- Location of Masbaraud-Mérignat
- Masbaraud-Mérignat Masbaraud-Mérignat
- Coordinates: 45°58′35″N 1°44′47″E﻿ / ﻿45.9764°N 1.7464°E
- Country: France
- Region: Nouvelle-Aquitaine
- Department: Creuse
- Arrondissement: Guéret
- Canton: Bourganeuf
- Commune: Saint-Dizier-Masbaraud
- Area^{1}: 20.39 km^{2} (7.87 sq mi)
- Population (2023): 350
- • Density: 17/km^{2} (44/sq mi)
- Time zone: UTC+01:00 (CET)
- • Summer (DST): UTC+02:00 (CEST)
- Postal code: 23400
- Elevation: 370–580 m (1,210–1,900 ft) (avg. 415 m or 1,362 ft)

= Masbaraud-Mérignat =

Part of Saint-Dizier-Masbaraud in Nouvelle-Aquitaine, France

Masbaraud-Mérignat (Limousin: Lo Mas de Barèu e Mairinhac) is a former commune in the Creuse department in the Nouvelle-Aquitaine region in central France.

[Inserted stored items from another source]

text \<open>Letters of the free group on a generating set S: a letter (s, True) is the
generator s, a letter (s, False) is its inverse.\<close>

type_synonym 'a letter = "'a \<times> bool"

definition inv_letter :: "'a letter \<Rightarrow> 'a letter" where
  "inv_letter x = (fst x, \<not> snd x)"

fun reduced :: "'a letter list \<Rightarrow> bool" where
  "reduced [] = True"
| "reduced [x] = True"
| "reduced (x # y # zs) = (y \<noteq> inv_letter x \<and> reduced (y # zs))"

definition cons_red :: "'a letter \<Rightarrow> 'a letter list \<Rightarrow> 'a letter list" where
  "cons_red x ys = (case ys of [] \<Rightarrow> [x]
     | y # ys' \<Rightarrow> (if y = inv_letter x then ys' else x # ys))"

definition free_grp :: "'a set \<Rightarrow> 'a letter list monoid" where
  "free_grp S = \<lparr> carrier = {w. set w \<subseteq> S \<times> UNIV \<and> reduced w},
                  mult = (\<lambda>u v. foldr cons_red u v),
                  one = [] \<rparr>"

text \<open>The Gromov boundary Y: infinite reduced words in the letters.\<close>
definition boundary :: "'a set \<Rightarrow> (nat \<Rightarrow> 'a letter) set" where
  "boundary S = {y. (\<forall>n. y n \<in> S \<times> UNIV) \<and> (\<forall>n. y (Suc n) \<noteq> inv_letter (y n))}"

definition boundary_top :: "'a set \<Rightarrow> (nat \<Rightarrow> 'a letter) topology" where
  "boundary_top S = subtopology (product_topology (\<lambda>_. discrete_topology (S \<times> UNIV)) UNIV)
                                (boundary S)"

definition cons_inf :: "'a letter \<Rightarrow> (nat \<Rightarrow> 'a letter) \<Rightarrow> (nat \<Rightarrow> 'a letter)" where
  "cons_inf x y = (if y 0 = inv_letter x then (\<lambda>n. y (Suc n)) else case_nat x y)"

definition act_Y :: "'a letter list \<Rightarrow> (nat \<Rightarrow> 'a letter) \<Rightarrow> (nat \<Rightarrow> 'a letter)" where
  "act_Y g y = foldr cons_inf g y"

text \<open>Z = inverse limit of the finite quotients Gamma/Gamma_n: compatible sequences
of cosets, with the product of discrete topologies, and left translation by Gamma.\<close>
definition profinite :: "'a set \<Rightarrow> (nat \<Rightarrow> 'a letter list set) \<Rightarrow> (nat \<Rightarrow> 'a letter list set) set" where
  "profinite S Gs = {z. (\<forall>n. z n \<in> rcosets\<^bsub>free_grp S\<^esub> (Gs n)) \<and> (\<forall>n. z (Suc n) \<subseteq> z n)}"

definition profinite_top :: "'a set \<Rightarrow> (nat \<Rightarrow> 'a letter list set) \<Rightarrow> (nat \<Rightarrow> 'a letter list set) topology" where
  "profinite_top S Gs = subtopology
     (product_topology (\<lambda>n. discrete_topology (rcosets\<^bsub>free_grp S\<^esub> (Gs n))) UNIV)
     (profinite S Gs)"

definition act_Z :: "'a set \<Rightarrow> 'a letter list \<Rightarrow> (nat \<Rightarrow> 'a letter list set) \<Rightarrow> (nat \<Rightarrow> 'a letter list set)" where
  "act_Z S g z = (\<lambda>n. g <#\<^bsub>free_grp S\<^esub> z n)"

On 1 January 2019, it was merged into the new commune Saint-Dizier-Masbaraud.

==Geography==
A farming area comprising the village and several hamlets situated in the valley of the river Taurion, some 15 mi south of Guéret at the junction of the D61 and the D912 roads.

==Sights==
- Traces of the abbey of Mérignat, dating from the eleventh century.
- The chapel, dating from the twentieth century.

==Personalities==
- Raymond Poulidor, French racing cyclist, was born here on the family farm in 1936.